The IL6-family (IL6, IL11, LIF) cytokines represent important positive regulators of cartilage development, as demonstrated by profound cartilage disruption and dwarfism in Stüve-Wiedemann syndrome (MIM# 601559), which stems from loss-of-function of the LIF receptor (Dagoneau et al., 2004), or by the phenotype of knock-in mice expressing gp130 unable to signal via STAT1/3 (Sims et al., 2004). The inhibitory effect of FGFR3 signaling on cytokine-STAT signaling, described in RCS chondrocytes (Krejci et al., 2009), provides an alternate hypothesis for the role of STATs in FGFR3-related skeletal dysplasias (Fig. 3).
ERK MAP kinase pathway
The RAS-RAF-MEK-ERK signaling module represents a major pathway utilized by FGFR3. Sustained ERK activation is observed in the presence of ACH and TD mutations, and is associated with decreased chondrocyte proliferation, decreased matrix production, increased matrix degradation, and altered cell shape and differentiation, whereas inhibition of MEK can increase hypertrophic cell size and matrix production (Krejci et al., 2004; 2005, 2008b; Raucci et al., 2004; Murakami et al., 2004; Nowroozi et al., 2005; Raffioni et al., 1998; Yasoda et al., 2004). Mice expressing constitutively-active (ca) MEK1 under the control of the Col2a1 promoter display an ACH-like dwarfism, characterized by shortened appendicular skeleton due to incomplete chondrocyte hypertrophy, but without an effect on proliferation. Crossing caMek1 mice with Fgfr3−/− mice rescued the skeletal overgrowth caused by deletion of Fgfr3 (Murakami et al., 2004). Recently, ERK was found to be responsible for another effect of aberrant FGFR3 signaling on cartilage, namely premature fusion of the synchondroses (two opposing cartilage growth plates in the developing vertebrae and skull). This fusion leads to narrowing of the spinal canal at the foramen magnum and may contribute to spinal stenosis, both significant neurological complications of ACH (Matsushita et al., 2009; Sebastian et al., 2011).

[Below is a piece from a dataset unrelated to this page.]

(* Let $\Sigma$ be a signature and $G=(G,\sigma,\theta):\mathcal F_\Sigma\to\mathcal C$ a cwf morphism (under the standing assumptions below). Let $S$ be a type symbol not declared in $\Sigma$ and $\Gamma_S$ a precontext with ($\Gamma_S$ context)$\in\mathcal J(\Sigma)$, so that $\Sigma'=\Sigma\cup\{(\Gamma_S,S)\}$ is a signature. Then for every $A\in\mathrm{Ty}_{\mathcal C}(G(\Gamma_S))$ there is a unique cwf morphism $G'=(G',\sigma',\theta'):\mathcal F_{\Sigma'}\to\mathcal C$ with $G'\circ E=G$ and $\sigma'(\Gamma_S,S(\mathrm{OV}(\Gamma_S)))=A$, where $E:\mathcal F_\Sigma\to\mathcal F_{\Sigma'}$ is the canonical embedding.
   Context: Standing assumptions: the variable set is $V=\{1,2,3,\ldots\}$ with $\mathsf{fr}(X)=\max(\{1\}\cup\{x+1:x\in X\})$ and $\varphi(X)=\{\mathsf{fr}(X)\}$ for finite $X\subseteq V$; all declarations of signatures are on standard form, written $(\Gamma,S)$ (type) and $(\Gamma,f,U)$ (function). Preelements are terms built from variables and function symbols; a pretype is $S(t_1,\ldots,t_n)$ with $S$ a type symbol and $t_i$ preelements; $\mathrm{V}(E)$ is the set of variables of $E$; $E[\bar a/\bar x]$ is simultaneous substitution. A precontext is $\Gamma=x_1:A_1,\ldots,x_n:A_n$ with $x_k=\mathsf{fr}(\{x_1,\ldots,x_{k-1}\})$ and $\mathrm{V}(A_k)\subseteq\{x_1,\ldots,x_{k-1}\}$; $\mathrm{OV}(\Gamma)=x_1,\ldots,x_n$; $\mathrm{fresh}(\Gamma)=\mathsf{fr}(\{x_1,\ldots,x_n\})$; $E[\bar a/\Gamma]=E[\bar a/x_1,\ldots,x_n]$. A presignature is a set of declarations $(\Gamma,S)$ ($S$ a type symbol) and $(\Gamma,f,U)$ ($f$ a function symbol, $U$ a pretype with $\mathrm{V}(U)\subseteq\mathrm{V}(\Gamma)$), each symbol declared at most once. $\mathcal{J}(\Sigma)$ is the smallest set of judgements ("$\Gamma$ context", "$A$ type $(\Gamma)$", "$a:A\ (\Gamma)$") closed under: (R1) $\langle\rangle$ context; (R2) from $\Gamma$ context and $A$ type $(\Gamma)$ infer $\Gamma,\mathrm{fresh}(\Gamma):A$ context; (R3) from $x_1:A_1,\ldots,x_n:A_n$ context infer $x_i:A_i\ (x_1:A_1,\ldots,x_n:A_n)$; (R4) if $(\Gamma,S)\in\Sigma$ and $\bar a:\Delta\to\Gamma$ infer $S(\bar a)$ type $(\Delta)$; (R5) if $(\Gamma,f,U)\in\Sigma$, $\bar a:\Delta\to\Gamma$ and $U[\bar a/\Gamma]$ type $(\Delta)$ infer $f(\bar a):U[\bar a/\Gamma]\ (\Delta)$; where, for $\Gamma=x_1:A_1,\ldots,x_n:A_n$, "$\bar a:\Delta\to\Gamma$" abbreviates the judgements $\Delta$ context, $\Gamma$ context, $a_k:A_k[a_1,\ldots,a_{k-1}/x_1,\ldots,x_{k-1}]\ (\Delta)$ ($k=1,\ldots,n$). $\Sigma$ is a signature if ($\Gamma$ context)$\in\mathcal{J}(\Sigma)$ for $(\Gamma,S)\in\Sigma$ and ($U$ type $(\Gamma)$)$\in\mathcal{J}(\Sigma)$ for $(\Gamma,f,U)\in\Sigma$. A category with families (cwf) consists of: a category $\mathcal C$ with a terminal object $\top$; for each object $\Gamma$ a class $\mathrm{Ty}(\Gamma)$, and for $f:\Delta\to\Gamma$ a function $A\mapsto A\{f\}:\mathrm{Ty}(\Gamma)\to\mathrm{Ty}(\Delta)$ with $A\{1\}=A$, $A\{f\circ g\}=A\{f\}\{g\}$; for $A\in\mathrm{Ty}(\Gamma)$ an object $\Gamma.A$ and a morphism $\mathrm{p}(A)=\mathrm{p}_\Gamma(A):\Gamma.A\to\Gamma$; for $A\in\mathrm{Ty}(\Gamma)$ a class $\mathrm{Tm}(\Gamma,A)$ and for $f:\Delta\to\Gamma$ a function $a\mapsto a\{f\}:\mathrm{Tm}(\Gamma,A)\to\mathrm{Tm}(\Delta,A\{f\})$ with $a\{1\}=a$, $a\{f\circ g\}=a\{f\}\{g\}$; for each $A\in\mathrm{Ty}(\Gamma)$ an element $\mathrm{v}_A\in\mathrm{Tm}(\Gamma.A,A\{\mathrm{p}(A)\})$; for $f:\Delta\to\Gamma$ and $a\in\mathrm{Tm}(\Delta,A\{f\})$ a morphism $\langle f,a\rangle_A:\Delta\to\Gamma.A$ such that $\mathrm{p}(A)\circ\langle f,a\rangle_A=f$, $\mathrm{v}_A\{\langle f,a\rangle_A\}=a$, $\langle\mathrm{p}(A)\circ h,\mathrm{v}_A\{h\}\rangle_A=h$ for every $h:\Delta\to\Gamma.A$, and $\langle f,a\rangle_A\circ g=\langle f\circ g,a\{g\}\rangle_A$. A cwf morphism $(F,\sigma,\theta):\mathcal C\to\mathcal C'$ consists of a functor $F$ with $F(\top)=\top'$; functions $\sigma_\Gamma:\mathrm{Ty}(\Gamma)\to\mathrm{Ty}'(F\Gamma)$ with $\sigma_\Delta(A\{f\})=\sigma_\Gamma(A)\{Ff\}$ for $f:\Delta\to\Gamma$, such that $F(\Gamma.A)=F\Gamma.\sigma_\Gamma(A)$ and $F(\mathrm{p}_\Gamma(A))=\mathrm{p}_{F\Gamma}(\sigma_\Gamma(A))$; and functions $\theta_{\Gamma,A}:\mathrm{Tm}(\Gamma,A)\to\mathrm{Tm}'(F\Gamma,\sigma_\Gamma(A))$ with $\theta_{\Delta,A\{f\}}(a\{f\})=\theta_{\Gamma,A}(a)\{Ff\}$, $\theta_{\Gamma.A,A\{\mathrm{p}(A)\}}(\mathrm{v}_A)=\mathrm{v}_{\sigma_\Gamma(A)}$, and $F(\langle f,a\rangle_A)=\langle Ff,\theta_{\Delta,A\{f\}}(a)\rangle_{\sigma_\Gamma(A)}$ for $f:\Delta\to\Gamma$, $a\in\mathrm{Tm}(\Delta,A\{f\})$. The cwf $\mathcal F_\Sigma$: objects are precontexts $\Gamma$ with ($\Gamma$ context)$\in\mathcal{J}(\Sigma)$; morphisms $\Delta\to\Gamma$ are triples $(\Delta,\Gamma,\bar a)$ with $\bar a:\Delta\to\Gamma$ a context map in $\mathcal{J}(\Sigma)$; composition $(\Gamma,\Theta,\bar t)\circ(\Delta,\Gamma,\bar s)=(\Delta,\Theta,(t_1[\bar s/\Gamma],\ldots,t_k[\bar s/\Gamma]))$; identity $(\Gamma,\Gamma,\mathrm{OV}(\Gamma))$; terminal object $\langle\rangle$. $\mathrm{Ty}(\Gamma)=\{(\Gamma,A): (A\text{ type }(\Gamma))\in\mathcal{J}(\Sigma)\}$ with $(\Gamma,A)\{(\Delta,\Gamma,\bar a)\}=(\Delta,A[\bar a/\Gamma])$; $\mathrm{Tm}(\Gamma,(\Gamma,A))=\{((\Gamma,A),a): (a:A\ (\Gamma))\in\mathcal{J}(\Sigma)\}$ with $((\Gamma,A),a)\{(\Delta,\Gamma,\bar a)\}=((\Delta,A[\bar a/\Gamma]),a[\bar a/\Gamma])$; for $\mathrm S=(\Gamma,S)$: $\Gamma.\mathrm S=\langle\Gamma,\mathrm{fresh}(\Gamma):S\rangle$, $\mathrm{p}_\Gamma(\mathrm S)=(\Gamma.\mathrm S,\Gamma,\mathrm{OV}(\Gamma))$, $\mathrm{v}_{\mathrm S}=((\Gamma.\mathrm S,S),\mathrm{fresh}(\Gamma))$, $\langle(\Delta,\Gamma,\bar s),((\Delta,S[\bar s/\Gamma]),b)\rangle_{\mathrm S}=(\Delta,\Gamma.\mathrm S,(\bar s,b))$. For a cwf morphism $(F,\sigma,\theta)$ out of $\mathcal F_\Sigma$ write $\sigma(\Gamma,A)$ for $\sigma_\Gamma((\Gamma,A))$ and $\theta(\Gamma,A,a)$ for $\theta_{\Gamma,(\Gamma,A)}(((\Gamma,A),a))$. For signatures $\Sigma\subseteq\Sigma'$, the canonical embedding $E:\mathcal F_\Sigma\to\mathcal F_{\Sigma'}$ is the cwf morphism which is the identity on objects, morphisms, types and terms. *)

theory Defs
  imports Main
begin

In chondrocytes, unlike most other cell types, FGFR3 activation elicits prolonged ERK activation lasting for up to 24 hours (Krejci et al., 2004). This correlates with the known cellular responses to ERK, where transient activation appears to be crucial for mitogenic signaling of growth factors but sustained activity frequently leads to growth arrest (Roovers and Assoian, 2000). We believe that the unique growth-inhibitory outcome of FGFR3 activation observed in chondrocytes lies in the ability to maintain prolonged ERK activation. The molecular mechanism underlying this feature is unknown.
Modulation of FGFR3-ERK signaling by C-type natriuretic peptide (CNP)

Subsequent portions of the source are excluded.